TASK ITEM :: Which lines of the records below contain the word "lemma"? Report each of them in full.

TASK INPUTS ::
theorem mainTheorem6:
  fixes h a b :: int
  assumes "h \<ge> 2" and "1 \<le> a" and "a \<le> h - 1" and "1 \<le> b" and "b \<le> h - 1"
  defines "T \<equiv> convex hull {(0, 0), (real_of_int a, real_of_int h), (real_of_int h, real_of_int b)}"
  shows "ls_square T = real_of_int h \<and> (minimal_polygon T \<longleftrightarrow> a + b \<ge> h)"
proof -
  have ls_T: "ls_square T = of_int h"
    unfolding T_def using assms(2-5) by (intro ls_square_triangle) auto
  have "minimal_polygon T \<longleftrightarrow> h \<le> a + b"
  proof
    assume "minimal_polygon T"
    then show "h \<le> a + b"
      using triangle_not_minimal[of a b h] assms(2,4) unfolding T_def by fastforce
  next
    assume "h \<le> a + b"
    have "ls_square Q < ls_square T" if "lattice_polygon Q" "Q \<subset> T" for Q
      using triangle_proper_subpolygon_ls_le[OF assms(2-5) \<open>h \<le> a + b\<close> that[unfolded T_def]] ls_T
      by simp
    moreover have "lattice_polygon T"
      unfolding T_def using lattice_polygon_triangle[of 0 0 a h h b] by simp
    ultimately show "minimal_polygon T"
      unfolding minimal_polygon_def by fastforce
  qed
  with ls_T show ?thesis by blast
qed

end
section \<open>Henstock-Kurzweil integrability\<close>

lemma tagged_sums_close_if_weighted_close:
  fixes f \<phi> :: "'n::euclidean_space \<Rightarrow> 'b::real_normed_vector"
  assumes h: "h integrable_on cbox a b" and close: "\<And>x. x \<in> cbox a b \<Longrightarrow> norm (f x - \<phi> x) \<le> c * h x"
    and "0 \<le> c" and "\<bar>integral (cbox a b) h\<bar> < H"
  obtains \<gamma> where "gauge \<gamma>" and "\<And>\<D>. \<D> tagged_division_of cbox a b \<Longrightarrow> \<gamma> fine \<D> \<Longrightarrow>
      norm ((\<Sum>(x, K)\<in>\<D>. measure lborel K *\<^sub>R f x) - (\<Sum>(x, K)\<in>\<D>. measure lborel K *\<^sub>R \<phi> x)) \<le> c * H"
proof -
  obtain \<gamma> where "gauge \<gamma>" and \<gamma>: "\<And>\<D>. \<D> tagged_division_of cbox a b \<Longrightarrow> \<gamma> fine \<D> \<Longrightarrow>
      norm ((\<Sum>(x, K)\<in>\<D>. measure lborel K *\<^sub>R h x) - integral (cbox a b) h) < H - \<bar>integral (cbox a b) h\<bar>"
    using integrable_integral[OF h] assms(4) unfolding has_integral by (meson diff_gt_0_iff_gt)
  show ?thesis
  proof (rule that[OF \<open>gauge \<gamma>\<close>])
    fix \<D>
    assume \<D>: "\<D> tagged_division_of cbox a b" "\<gamma> fine \<D>"
    have "norm (measure lborel K *\<^sub>R (f x - \<phi> x)) \<le> c * (measure lborel K * h x)" if "(x, K) \<in> \<D>" for x K
      using mult_left_mono[OF close[OF tag_in_interval[OF \<D>(1) that]] measure_nonneg[of lborel K]]
      by (simp add: mult.left_commute)
    then have "norm (\<Sum>(x, K)\<in>\<D>. measure lborel K *\<^sub>R (f x - \<phi> x)) \<le> c * (\<Sum>(x, K)\<in>\<D>. measure lborel K * h x)"
      by (auto simp: sum_distrib_left intro!: order_trans[OF norm_sum sum_mono])
    also have "\<dots> \<le> c * H"
      using \<gamma>[OF \<D>] \<open>0 \<le> c\<close> by (intro mult_left_mono) auto
    finally show "norm ((\<Sum>(x, K)\<in>\<D>. measure lborel K *\<^sub>R f x) - (\<Sum>(x, K)\<in>\<D>. measure lborel K *\<^sub>R \<phi> x))
        \<le> c * H"
      by (simp add: sum_subtractf[symmetric] case_prod_unfold scaleR_diff_right)
  qed
qed

lemma integrable_on_cbox_weighted_approx:
  fixes f :: "'n::euclidean_space \<Rightarrow> 'b::banach"
  assumes h: "h integrable_on cbox a b"
    and approx: "\<And>e. 0 < e \<Longrightarrow> \<exists>\<phi>. \<phi> integrable_on cbox a b \<and> (\<forall>x\<in>cbox a b. norm (f x - \<phi> x) \<le> e * h x)"
  shows "f integrable_on cbox a b"
  unfolding integrable_Cauchy
proof (intro allI impI)
  fix e :: real
  assume "0 < e"
  let ?S = "\<lambda>f \<D>. \<Sum>(x, K)\<in>\<D>. measure lborel K *\<^sub>R f x"
  define H where "H = \<bar>integral (cbox a b) h\<bar> + 1"
  have "0 < H"
    by (simp add: H_def add_nonneg_pos)
  obtain \<phi> where \<phi>: "\<phi> integrable_on cbox a b" "\<And>x. x \<in> cbox a b \<Longrightarrow> norm (f x - \<phi> x) \<le> e / (3 * H) * h x"
    using approx[of "e / (3 * H)"] \<open>0 < e\<close> \<open>0 < H\<close> by auto
  obtain \<gamma>1 where "gauge \<gamma>1" and \<gamma>1: "\<And>\<D>1 \<D>2. \<D>1 tagged_division_of cbox a b \<Longrightarrow> \<gamma>1 fine \<D>1 \<Longrightarrow>
      \<D>2 tagged_division_of cbox a b \<Longrightarrow> \<gamma>1 fine \<D>2 \<Longrightarrow> norm (?S \<phi> \<D>1 - ?S \<phi> \<D>2) < e / 3"
    using \<phi>(1) \<open>0 < e\<close> unfolding integrable_Cauchy by (meson divide_pos_pos zero_less_numeral)
  obtain \<gamma>2 where "gauge \<gamma>2" and \<gamma>2: "\<And>\<D>. \<D> tagged_division_of cbox a b \<Longrightarrow> \<gamma>2 fine \<D> \<Longrightarrow>
      norm (?S f \<D> - ?S \<phi> \<D>) \<le> e / (3 * H) * H"
    by (rule tagged_sums_close_if_weighted_close[OF h \<phi>(2)]) (use \<open>0 < e\<close> \<open>0 < H\<close> in \<open>auto simp: H_def\<close>)
  have "e / (3 * H) * H = e / 3"
    using \<open>0 < H\<close> by simp
  show "\<exists>\<gamma>. gauge \<gamma> \<and> (\<forall>\<D>1 \<D>2. \<D>1 tagged_division_of cbox a b \<and> \<gamma> fine \<D>1 \<and>
      \<D>2 tagged_division_of cbox a b \<and> \<gamma> fine \<D>2 \<longrightarrow> norm (?S f \<D>1 - ?S f \<D>2) < e)"
  proof (intro exI conjI allI impI)
    show "gauge (\<lambda>x. \<gamma>1 x \<inter> \<gamma>2 x)"
      using \<open>gauge \<gamma>1\<close> \<open>gauge \<gamma>2\<close> by (rule gauge_Int)
    fix \<D>1 \<D>2
    assume "\<D>1 tagged_division_of cbox a b \<and> (\<lambda>x. \<gamma>1 x \<inter> \<gamma>2 x) fine \<D>1 \<and>
      \<D>2 tagged_division_of cbox a b \<and> (\<lambda>x. \<gamma>1 x \<inter> \<gamma>2 x) fine \<D>2"
    then have D: "\<D>1 tagged_division_of cbox a b" "\<gamma>1 fine \<D>1" "\<gamma>2 fine \<D>1"
      "\<D>2 tagged_division_of cbox a b" "\<gamma>1 fine \<D>2" "\<gamma>2 fine \<D>2"
      by (auto simp: fine_Int)
    let ?A = "?S f \<D>1 - ?S \<phi> \<D>1" and ?B = "?S \<phi> \<D>1 - ?S \<phi> \<D>2" and ?C = "?S f \<D>2 - ?S \<phi> \<D>2"
    have "norm (?S f \<D>1 - ?S f \<D>2) = norm (?A + ?B - ?C)"
      by (rule arg_cong[where f = norm]) simp
    also have "\<dots> \<le> norm ?A + norm ?B + norm ?C"
      using norm_triangle_ineq4[of "?A + ?B" ?C] norm_triangle_ineq[of ?A ?B] by linarith
    also have "\<dots> < e / 3 + e / 3 + e / 3"
      using \<gamma>2[OF D(1,3)] \<gamma>2[OF D(4,6)] \<gamma>1[OF D(1,2,4,5)] \<open>e / (3 * H) * H = e / 3\<close> by linarith
    finally show "norm (?S f \<D>1 - ?S f \<D>2) < e"
      by simp
  qed
qed
(* Let $P\in\mathbb{Q}_{\ge0}^{N\times N}$ be the transition matrix of a reversible and ergodic Markov chain on $V$ with stationary distribution $\pi$ and mixing rate $t^*$. For the rotor-router model on a multidigraph for $P$, with any initial configuration, $$\left|\chi^{(T)}_w-\mu^{(T)}_w\right|\le\frac{3\pi_w}{\pi_{\min}}\,t^*\,\Delta\,\bar\Delta$$ for all $w\in V$ and $T\ge0$.
   Context: Let $V=\{1,\dots,N\}$ and let $P\in\mathbb{Q}_{\ge 0}^{N\times N}$ be an ergodic (irreducible, aperiodic) stochastic matrix with stationary distribution $\pi$; $\pi_{\min}=\min_v\pi_v$; reversible means $\pi_uP_{u,v}=\pi_vP_{v,u}$ for all $u,v$. For $v\in V$ let $\mathcal N(v)=\{u: P_{v,u}>0\}$, $\delta(v)=|\mathcal N(v)|$, $\Delta=\max_v\delta(v)$. Total variation distance $d_{TV}(\xi,\zeta)=\frac12\|\xi-\zeta\|_1$; mixing time $\tau(\varepsilon)=\max_{v}\min\{t\ge0: d_{TV}(P^t_{v,\cdot},\pi)\le\varepsilon\}$; mixing rate $t^*=\tau(1/4)$. For each $v$ let $\bar\delta(v)$ be a positive integer with $\bar\delta(v)P_{v,u}\in\mathbb{Z}$ for all $u$, and $\bar\Delta=\max_v\bar\delta(v)$. The rotor router: $\sigma_v(0),\dots,\sigma_v(\bar\delta(v)-1)\in\mathcal N(v)$ is any sequence in which each $u\in\mathcal N(v)$ occurs exactly $\bar\delta(v)P_{v,u}$ times, extended by $\sigma_v(i)=\sigma_v(i\bmod\bar\delta(v))$. Write $I_{v,u}[z,z')=|\{j\in\{z,\dots,z'-1\}:\sigma_v(j)=u\}|$ (zero if $z'\le z$). Given $\chi^{(0)}\in\mathbb{Z}_{\ge0}^N$, set $Z^{(t)}_{v,u}=I_{v,u}\big[\sum_{s=0}^{t-1}\chi^{(s)}_v,\sum_{s=0}^{t}\chi^{(s)}_v\big)$, $\chi^{(t+1)}_u=\sum_vZ^{(t)}_{v,u}$, $\mu^{(0)}=\chi^{(0)}$, $\mu^{(t)}=\mu^{(0)}P^t$. *)

theory Defs
  imports Complex_Main
begin

text \<open>States are the elements of a finite type 'v (playing the role of V = {1..N}).
  Matrices are functions 'v \<Rightarrow> 'v \<Rightarrow> real.\<close>

fun mpow :: "('v::finite \<Rightarrow> 'v \<Rightarrow> real) \<Rightarrow> nat \<Rightarrow> 'v \<Rightarrow> 'v \<Rightarrow> real" where
  "mpow P 0 u v = (if u = v then 1 else 0)"
| "mpow P (Suc t) u v = (\<Sum>w\<in>UNIV. mpow P t u w * P w v)"

definition stochastic :: "('v::finite \<Rightarrow> 'v \<Rightarrow> real) \<Rightarrow> bool" where
  "stochastic P \<longleftrightarrow> (\<forall>u v. P u v \<ge> 0) \<and> (\<forall>u. (\<Sum>v\<in>UNIV. P u v) = 1)"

RESULT FOR THIS EXERCISE ::
lemma tagged_sums_close_if_weighted_close:
lemma integrable_on_cbox_weighted_approx:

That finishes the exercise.